■ Work required: Copy out each line below containing "imports".

■ Data for review:
_ _ _ _

(* Let $\dot\Theta_\theta$ be a subset of a Hilbert space with inner product $\langle\cdot,\cdot\rangle_\theta$, let $H$ be a Hilbert space, let $A_\theta:\operatorname{lin}\dot\Theta_\theta\to H$ be a continuous linear operator and suppose its adjoint $A_\theta^\star:H\to\overline{\operatorname{lin}}\,\dot\Theta_\theta$ is injective. Let $\mathcal G$ be a dense subspace of $H$. Then $\tilde\chi_\theta\in\overline{\operatorname{lin}}\,\dot\Theta_\theta$ lies in $\operatorname{ran}A_\theta^\star$ if and only if (i) there is a sequence $\chi_n\in A_\theta^\star(\mathcal G)$ with $\chi_n\to\tilde\chi_\theta$ as $n\to\infty$, and (ii) $(A_\theta^\star)^{-1}\chi_n$ converges in $H$ to some $\psi\in H$. In this case $A_\theta^\star\psi=\tilde\chi_\theta$, and $\Pi_{\overline{\operatorname{ran}}A_\theta}\psi=\psi=(A_\theta^\star)^\dagger\tilde\chi_\theta$, i.e. $\psi$ is the efficient influence function.
   Context: $\Pi_{\overline{\operatorname{ran}}A_\theta}$ denotes the orthogonal projection onto the closure of the range of $A_\theta$. $(A_\theta^\star)^\dagger$ is the Moore–Penrose pseudoinverse: for $\zeta\in\operatorname{ran}A_\theta^\star$, $(A_\theta^\star)^\dagger\zeta$ is the unique element of $(\ker A_\theta^\star)^\perp$ mapped to $\zeta$. In the semiparametric setting where $A_\theta$ is the generalized score operator of a model at $\theta$ and $\tilde\chi_\theta$ is the gradient of a pathwise differentiable parameter, the efficient influence function is $(A_\theta^\star)^\dagger\tilde\chi_\theta$. *)

theory Defs
  imports "HOL-Analysis.Analysis"
begin

definition bounded_linear_on :: "'a::real_normed_vector set \<Rightarrow> ('a \<Rightarrow> 'b::real_normed_vector) \<Rightarrow> bool" where
  "bounded_linear_on S A \<longleftrightarrow> subspace S \<and>
     (\<forall>x\<in>S. \<forall>y\<in>S. A (x + y) = A x + A y) \<and>
     (\<forall>c. \<forall>x\<in>S. A (c *\<^sub>R x) = c *\<^sub>R A x) \<and>
     (\<exists>K. \<forall>x\<in>S. norm (A x) \<le> K * norm x)"

definition hadjoint :: "'a::real_inner set \<Rightarrow> ('a \<Rightarrow> 'b::real_inner) \<Rightarrow> 'b \<Rightarrow> 'a" where
  "hadjoint S A h = (THE y. y \<in> closure S \<and> (\<forall>g\<in>S. inner y g = inner h (A g)))"

definition orth_proj :: "'a::real_inner set \<Rightarrow> 'a \<Rightarrow> 'a" where
  "orth_proj M x = (THE y. y \<in> M \<and> (\<forall>m\<in>M. inner (x - y) m = 0))"

text \<open>Moore-Penrose pseudoinverse applied to an element of the range:
  the unique element of (ker T)^perp mapped to z.\<close>
definition mp_pinv :: "('b::real_inner \<Rightarrow> 'a::real_inner) \<Rightarrow> 'a \<Rightarrow> 'b" where
  "mp_pinv T z = (THE x. x \<in> orthogonal_comp (T -` {0}) \<and> T x = z)"

end

theory Submission
  imports Defs
begin

text \<open>If \<open>\<chi>\<^sub>n = A\<^sup>\<star> g\<^sub>n\<close> with \<open>g\<^sub>n \<in> \<G>\<close>, \<open>\<chi>\<^sub>n \<rightarrow> \<chi>\<close> and \<open>g\<^sub>n \<rightarrow> \<psi>\<close>, continuity of the adjoint
  gives \<open>A\<^sup>\<star> \<psi> = \<chi>\<close>; conversely, if \<open>\<chi> = A\<^sup>\<star> \<psi>\<close>, approximate \<open>\<psi>\<close> from the dense \<open>\<G>\<close>.
  Since \<open>ker A\<^sup>\<star> = (ran A)\<^sup>\<bottom>\<close>, injectivity of the adjoint makes \<open>ran A\<close> dense, so the
  projection onto its closure is the identity, and the pseudoinverse of an injective map is
  its inverse. The analytic input is the projection theorem in a Hilbert space, which yields
  the existence of the adjoint via a Riesz representation for functionals on a subspace.\<close>

lemma subspace_closure:
  fixes S :: "'a::real_normed_vector set"
  assumes "subspace S"
  shows "subspace (closure S)"
  unfolding subspace_def
proof (intro conjI ballI allI)
  show "0 \<in> closure S" using assms closure_subset subspace_0 by blast
next
  fix x y assume "x \<in> closure S" "y \<in> closure S"
  then obtain u v where u: "\<forall>n. u n \<in> S" "u \<longlonglongrightarrow> x" and v: "\<forall>n. v n \<in> S" "v \<longlonglongrightarrow> y"
    by (meson closure_sequential)
  have "\<forall>n. u n + v n \<in> S" using u v assms by (simp add: subspace_add)
  moreover have "(\<lambda>n. u n + v n) \<longlonglongrightarrow> x + y" using u v by (intro tendsto_add)
  ultimately show "x + y \<in> closure S" by (meson closure_sequential)
next
  fix c x assume "x \<in> closure S"
  then obtain u where u: "\<forall>n. u n \<in> S" "u \<longlonglongrightarrow> x" by (meson closure_sequential)
  have "\<forall>n. c *\<^sub>R u n \<in> S" using u assms by (simp add: subspace_scale)
  moreover have "(\<lambda>n. c *\<^sub>R u n) \<longlonglongrightarrow> c *\<^sub>R x" using u by (intro tendsto_scaleR tendsto_const)
  ultimately show "c *\<^sub>R x \<in> closure S" by (meson closure_sequential)
qed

_ _ _ _

■ Answer box:
  imports "HOL-Analysis.Analysis"
  imports Defs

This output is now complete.